*TO DO*. Copy exactly the lines of the material below that run from the one containing "using matroid_indep_mono[OF m" through the one containing "proof (intro conjI allI impI ballI)". Copy no other lines.

*EXERCISE MATERIALS*.
lemma matroid_restrict_diff_coloops:
  assumes m: "matroid E I" and c: "\<forall>t\<in>T. coloop E I t"
  shows "matroid (E - T) (restrict_indep I (E - T))"
proof -
  let ?J = "restrict_indep I (E - T)"
  note bases_J = bases_restrict_diff_coloops[OF m c]
  have augment: "\<exists>b\<in>B - A. insert b A \<in> ?J"
    if A: "A \<in> ?J" and "\<not> maximal_in ?J A" and "maximal_in ?J B" for A B
  proof -
    obtain B0 where B0: "B0 \<in> bases I" "B = B0 - T"
      using \<open>maximal_in ?J B\<close> bases_J unfolding bases_def by blast
    have AT: "A \<union> T \<in> I" "A \<inter> T = {}"
      using coloops_union_indep[OF m c] A unfolding restrict_indep_def by blast+
    have "A \<union> T \<notin> bases I"
    proof
      assume "A \<union> T \<in> bases I"
      moreover have "A = (A \<union> T) - T"
        using AT(2) by blast
      ultimately have "A \<in> bases ?J"
        unfolding bases_J by (rule rev_image_eqI)
      with \<open>\<not> maximal_in ?J A\<close> show False
        unfolding bases_def by blast
    qed
    then obtain b where b: "b \<in> B0 - (A \<union> T)" "insert b (A \<union> T) \<in> I"
      using matroid_augment[OF m AT(1)] B0(1) unfolding bases_def by blast
    moreover have "insert b A \<in> I"
      using matroid_indep_mono[OF m b(2)] by blast
    moreover have "B0 \<subseteq> E"
      using matroid_indep_subset[OF m bases_indep[OF B0(1)]] .
    ultimately show ?thesis
      using B0(2) A
      unfolding restrict_indep_def by blast
  qed
  have maximal_exists: "\<exists>S. maximal_in {J\<in>?J. J \<subseteq> X} S \<and> A \<subseteq> S"
    if "A \<in> ?J" "A \<subseteq> X" "X \<subseteq> E - T" for A X
  proof -
    have "{J\<in>?J. J \<subseteq> X} = {J\<in>I. J \<subseteq> X}"
      using that(3) unfolding restrict_indep_def by blast
    moreover have "A \<in> I" "X \<subseteq> E"
      using that unfolding restrict_indep_def by blast+
    ultimately show ?thesis
      using matroid_maximal_exists[OF m _ \<open>A \<subseteq> X\<close>] by simp
  qed
  show ?thesis
    unfolding matroid_def
  proof (intro conjI allI impI ballI)
    show "A \<subseteq> E - T" if "A \<in> ?J" for A
      using that unfolding restrict_indep_def by blast
    show "{} \<in> ?J"
      using matroid_empty_indep[OF m] unfolding restrict_indep_def by blast
    show "B \<in> ?J" if "A \<in> ?J" "B \<subseteq> A" for A B
      using that matroid_indep_mono[OF m, of A B] unfolding restrict_indep_def by blast
  qed (rule augment maximal_exists; assumption)+
qed

definition base_gaps :: "'a set \<Rightarrow> 'a set set \<Rightarrow> 'a set set" where
  "base_gaps E I = {F - B | F B. F \<in> bases (finitarization E I) \<and> B \<in> bases I \<and> B \<subseteq> F}"

lemma nearly_finitary_iff_base_gaps:
  "nearly_finitary E I \<longleftrightarrow> (\<forall>D\<in>base_gaps E I. finite D)"
  unfolding nearly_finitary_def base_gaps_def by blast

*RESPONSE*.
      using matroid_indep_mono[OF m b(2)] by blast
    moreover have "B0 \<subseteq> E"
      using matroid_indep_subset[OF m bases_indep[OF B0(1)]] .
    ultimately show ?thesis
      using B0(2) A
      unfolding restrict_indep_def by blast
  qed
  have maximal_exists: "\<exists>S. maximal_in {J\<in>?J. J \<subseteq> X} S \<and> A \<subseteq> S"
    if "A \<in> ?J" "A \<subseteq> X" "X \<subseteq> E - T" for A X
  proof -
    have "{J\<in>?J. J \<subseteq> X} = {J\<in>I. J \<subseteq> X}"
      using that(3) unfolding restrict_indep_def by blast
    moreover have "A \<in> I" "X \<subseteq> E"
      using that unfolding restrict_indep_def by blast+
    ultimately show ?thesis
      using matroid_maximal_exists[OF m _ \<open>A \<subseteq> X\<close>] by simp
  qed
  show ?thesis
    unfolding matroid_def
  proof (intro conjI allI impI ballI)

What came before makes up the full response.